CLAP YOUR HANDS SAY YEAH! @ Main Hall

By Alex Huynh - Losing My Edge - 09/02/2005

It sure didn't take long now, did it? Only a year after music blogs started a "grass-roots" movement that almost singlehandedly kickstarted cult followings for eventual critical darlings M.I.A., Arcade Fire and the Go! Team, we are already wary of the music industry vultures that have infiltrated this new way of promoting bands. It started with the eye-rolling that came with the incessant and now accepted pairing of Pitchfork and Arcade Fire, it continued with the increased attention labels gave to those music blogs by providing them with advance promos and we are now at the crossroads with a New York band called Clap Your Hands Say Yeah!.

The hype for the famously unsigned group seemed so strangely calculated that there is a discernible backlash -- against a band that quite frankly are miles away from even being blips on the radar, no less. Yet their self-produced, self-released and self-titled album quickly ran out of stock once the review was posted up on Pitchfork and their live shows have been selling out, all basically through the power of the Internet. The nagging feeling persists, however, that we are being played. No matter, Clap Your Hands Say Yeah! is a wonderful album that manages to tug at the right chords and straddles the line between desperation and urgency. But in order to finally legitimize this act as a real band, one that could inch a place into your personal history, they needed their live shows to shatter this feeling that Clap Your Hands Say Yeah! is merely a well-conceived creation.
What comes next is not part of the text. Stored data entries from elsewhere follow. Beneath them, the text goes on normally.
lemma incident_ring:
  assumes "i < k" "x \<in> V"
  shows "incident_edges (ring_E k) (ring_ends k) (copy i x) =
    (\<lambda>e. 2 * copy i e) ` (incident_edges E ends x - {e0}) \<union>
    (\<lambda>p. 2 * p + 1) ` {p. p < k \<and> (p = i \<and> x = v \<or> ring_next k p = i \<and> x = u)}"
    (is "?L = ?R")
proof
  show "?L \<subseteq> ?R"
  proof
    fix h assume "h \<in> ?L"
    then have h: "h \<in> ring_E k" "copy i x \<in> ring_ends k h" by (auto simp: incident_edges_def)
    from h(1) show "h \<in> ?R"
    proof (cases rule: ring_E_cases)
      case copy_edge then show ?thesis using h(2) by (auto simp: incident_edges_def)
    next
      case link then show ?thesis using h(2) by auto
    qed
  qed
  show "?R \<subseteq> ?L" using assms by (auto simp: incident_edges_def)
qed

lemma card_incident_ring:
  assumes k: "2 \<le> k" and i: "i < k" and x: "x \<in> V"
  shows "card (incident_edges (ring_E k) (ring_ends k) (copy i x)) = 3"
proof -
  let ?A = "incident_edges E ends x - {e0}"
  let ?P = "{p. p < k \<and> (p = i \<and> x = v \<or> ring_next k p = i \<and> x = u)}"
  have fin: "finite ?A" using finite_E by (simp add: incident_edges_def)
  have "card ((\<lambda>e. 2 * copy i e) ` ?A) = card ?A" by (rule card_image) (auto simp: inj_on_def)
  moreover have "card ((\<lambda>p. 2 * p + 1) ` ?P) = card ?P" by (rule card_image) (auto simp: inj_on_def)
  moreover have "(\<lambda>e. 2 * copy i e) ` ?A \<inter> (\<lambda>p. 2 * p + 1) ` ?P = {}" by auto
  ultimately have "card ((\<lambda>e. 2 * copy i e) ` ?A \<union> (\<lambda>p. 2 * p + 1) ` ?P) = card ?A + card ?P"
    using fin by (subst card_Un_disjoint) auto
  moreover have "card ?A + card ?P = 3"
  proof (cases "x = u \<or> x = v")
    case True
    then have "e0 \<in> incident_edges E ends x" using e0_in_E ends_e0 by (auto simp: incident_edges_def)
    then have "card ?A = 2" using card_incident[OF x] fin by simp
    moreover have "?P = {if x = v then i else if i = 0 then k - 1 else i - 1}"
      using True u_ne_v i k by (auto simp: ring_next_def split: if_splits)
    ultimately show ?thesis by simp
  next
    case False
    then have "e0 \<notin> incident_edges E ends x" using ends_e0 by (auto simp: incident_edges_def)
    moreover have "?P = {}" using False by auto
    ultimately show ?thesis using card_incident[OF x] by simp
  qed
  ultimately show ?thesis using incident_ring[OF i x] by simp
qed

lemma cubic_ring: assumes "2 \<le> k" shows "cubic (ring_V k) (ring_E k) (ring_ends k)"
proof -
  have ends: "ring_ends k h \<subseteq> ring_V k \<and> card (ring_ends k h) = 2" if "h \<in> ring_E k" for h
    using that
  proof (cases rule: ring_E_cases)
    case (copy_edge i e)
    have "card (copy i ` ends e) = 2"
      using card_ends[OF copy_edge(2)] by (subst card_image) (auto simp: inj_on_def)
    then show ?thesis using copy_edge ends_subset[OF copy_edge(2)] by auto
  next
    case (link p)
    then show ?thesis using ring_next_less[OF link(1)] u_ne_v u_in_V v_in_V by auto
  qed
  have incident: "card (incident_edges (ring_E k) (ring_ends k) a) = 3" if "a \<in> ring_V k" for a
  proof -
    from that obtain i x where "i < k" "x \<in> V" "a = copy i x" by (auto simp: in_ring_V)
    then show ?thesis using card_incident_ring assms by simp
  qed
  have "finite (ring_V k)" using finite_V by (simp add: ring_V_def)
  then show ?thesis unfolding cubic_def multigraph_def using ends incident finite_ring_E by blast
qed

lemma reach_ring_within_copy:
  assumes "(adj_in (E - {e0}) ends S)\<^sup>*\<^sup>* a b" "i < k" "copy i ` S \<subseteq> T"
  shows "(adj_in (ring_E k) (ring_ends k) T)\<^sup>*\<^sup>* (copy i a) (copy i b)"
  using assms(1)
proof (induction rule: rtranclp.induct)
  case (rtrancl_into_rtrancl a b c)
  from rtrancl_into_rtrancl(2) obtain e where e: "e \<in> E" "e \<noteq> e0" "ends e = {b, c}" "b \<in> S" "c \<in> S"
    by (auto simp: adj_in_def)
  have "2 * copy i e \<in> ring_E k" "ring_ends k (2 * copy i e) = {copy i b, copy i c}"
    using e assms(2) by simp_all
  moreover have "copy i b \<in> T" "copy i c \<in> T" using e assms(3) by auto
  ultimately have "adj_in (ring_E k) (ring_ends k) T (copy i b) (copy i c)"
    unfolding adj_in_def by blast
  with rtrancl_into_rtrancl(3) show ?case by (rule rtranclp.rtrancl_into_rtrancl)
qed simp

lemma adj_ring_link:
  assumes "p < k" "copy p v \<in> T" "copy (ring_next k p) u \<in> T"
  shows "adj_in (ring_E k) (ring_ends k) T (copy (ring_next k p) u) (copy p v)"
proof -
  have "Suc (2 * p) \<in> ring_E k" "ring_ends k (Suc (2 * p)) = {copy (ring_next k p) u, copy p v}"
    using assms(1) by (simp_all add: insert_commute)
  then show ?thesis unfolding adj_in_def using assms(2,3) by blast
qed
In that regard, their first performance in Montreal failed. To be fair, the rules are different and stricter for a band in this unique position. That is why it was disappointing that a group cunning enough to get where they are, would plod through the opening number when a statement was needed. The vocal mix was abrasive and maintained at that level for the first few songs, serving only to give ammunition to haters of Alec Ounsworth's distinctive yet familiar style. Overall, the band played uninspiredly and sloppily without much in the way of charisma. Thankfully, there are a handful of songs that are so good that they manage to rise about these shortcomings, particularly "In This Home On Ice" and "Upon This Tidal Wave Of Young Blood". Still, these loaded and emotionally volatile songs are ultimately wasted on this unspectacular performance. They deserved to be carved into our memories, like all great songs are.
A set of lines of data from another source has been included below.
(* Let $H_3$ be the simply connected 3-dimensional Heisenberg group, realized as $\mathbb{R}^3$ with coordinates $(x,y,z)$ and group law $(a,b,c)\cdot(x,y,z)=(a+x,\,b+y,\,c+z-ay)$, so that $F_1=\partial_z$, $F_2=\partial_y-x\partial_z$, $F_3=\partial_x$ are left-invariant with the only nonzero bracket $[F_2,F_3]=F_1$. Consider the left-invariant Lorentzian metrics $g_1=-dx^2+dy^2+(x\,dy+dz)^2$ and $g_2=dx^2+dy^2-(x\,dy+dz)^2$ (so $g_1$ makes $F_1,F_2,F_3$ orthonormal with $F_3$ timelike, and $g_2$ makes them orthonormal with $F_1$ timelike). Then $g_1$ and $g_2$ are nilsolitons, and each of $(\mathfrak{h}_3,g_1)$, $(\mathfrak{h}_3,g_2)$ admits a metric solvable extension which is an Einstein metric.
   Context: For a simply connected Lie group $G$ with Lie algebra $\mathfrak{g}$ and left-invariant pseudo-Riemannian metric $g$, $g$ is an algebraic Ricci soliton if $\mathrm{ric}=c\,\mathrm{Id}+D$ for some $c\in\mathbb{R}$ and some derivation $D$ of $\mathfrak{g}$, where $\mathrm{ric}$ is the Ricci operator ($g(\mathrm{ric}X,Y)=\mathrm{Ric}(X,Y)$); it is a nilsoliton if $G$ is nilpotent. A metric solvable extension of $(\mathfrak{n},g)$ is a solvable Lie algebra $\mathfrak{s}=\mathfrak{a}\oplus\mathfrak{n}$ (as vector spaces) with bracket $[\cdot,\cdot]'$ and a pseudo-Riemannian inner product $\tilde g$ such that $[\mathfrak{s},\mathfrak{s}]'=\mathfrak{n}=\mathfrak{a}^{\perp}$, $[X,Y]'=[X,Y]$ and $\tilde g(X,Y)=g(X,Y)$ for all $X,Y\in\mathfrak{n}$. It is Einstein if the corresponding left-invariant metric satisfies $\mathrm{Ric}(\tilde g)=\kappa\tilde g$ for a constant $\kappa$. $\mathfrak{h}_3$ denotes the Lie algebra of $H_3$. *)

theory Defs
  imports Main "HOL.Real"
begin

text \<open>
  A Lie algebra of
  dimension N has basis e_0,...,e_(N-1); it is given by structure constants
  c i j k = (e_k-component of [e_i,e_j]).
\<close>

type_synonym sconst = "nat \<Rightarrow> nat \<Rightarrow> nat \<Rightarrow> real"
type_synonym gram = "nat \<Rightarrow> nat \<Rightarrow> real"

definition vecs :: "nat \<Rightarrow> (nat \<Rightarrow> real) set" where
  "vecs N = {X. \<forall>i\<ge>N. X i = 0}"

definition lin_span :: "(nat \<Rightarrow> real) set \<Rightarrow> (nat \<Rightarrow> real) set" where
  "lin_span S = {v. \<exists>F a. finite F \<and> F \<subseteq> S \<and> v = (\<lambda>p. \<Sum>u\<in>F. a u * u p)}"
Surely, Clap Your Hands Say Yeah! did not ask for all of this. Unfair expectations are placed on their shoulders by fickle fans and an overly enthusiastic press. This would burn out a lot of folks, so perhaps they did give us everything they had. Word is that they were held back at the border and didn't have time for a sound check. However, one still walks away from the show feeling that this was not a hungry band. And because of that, they feel barely worth the trouble to defend against the kneejerk haters. If you can't stick up for a band that you like, where's the emotional investment? This question wouldn't arise if it wasn't for the fact that their music on record is capable of building into genuinely euphoric moments. It is warm and exciting, and it seems to come more from the heart than the brain. Yet live, it appears that the opposite is closer to the truth. So then, are we being played?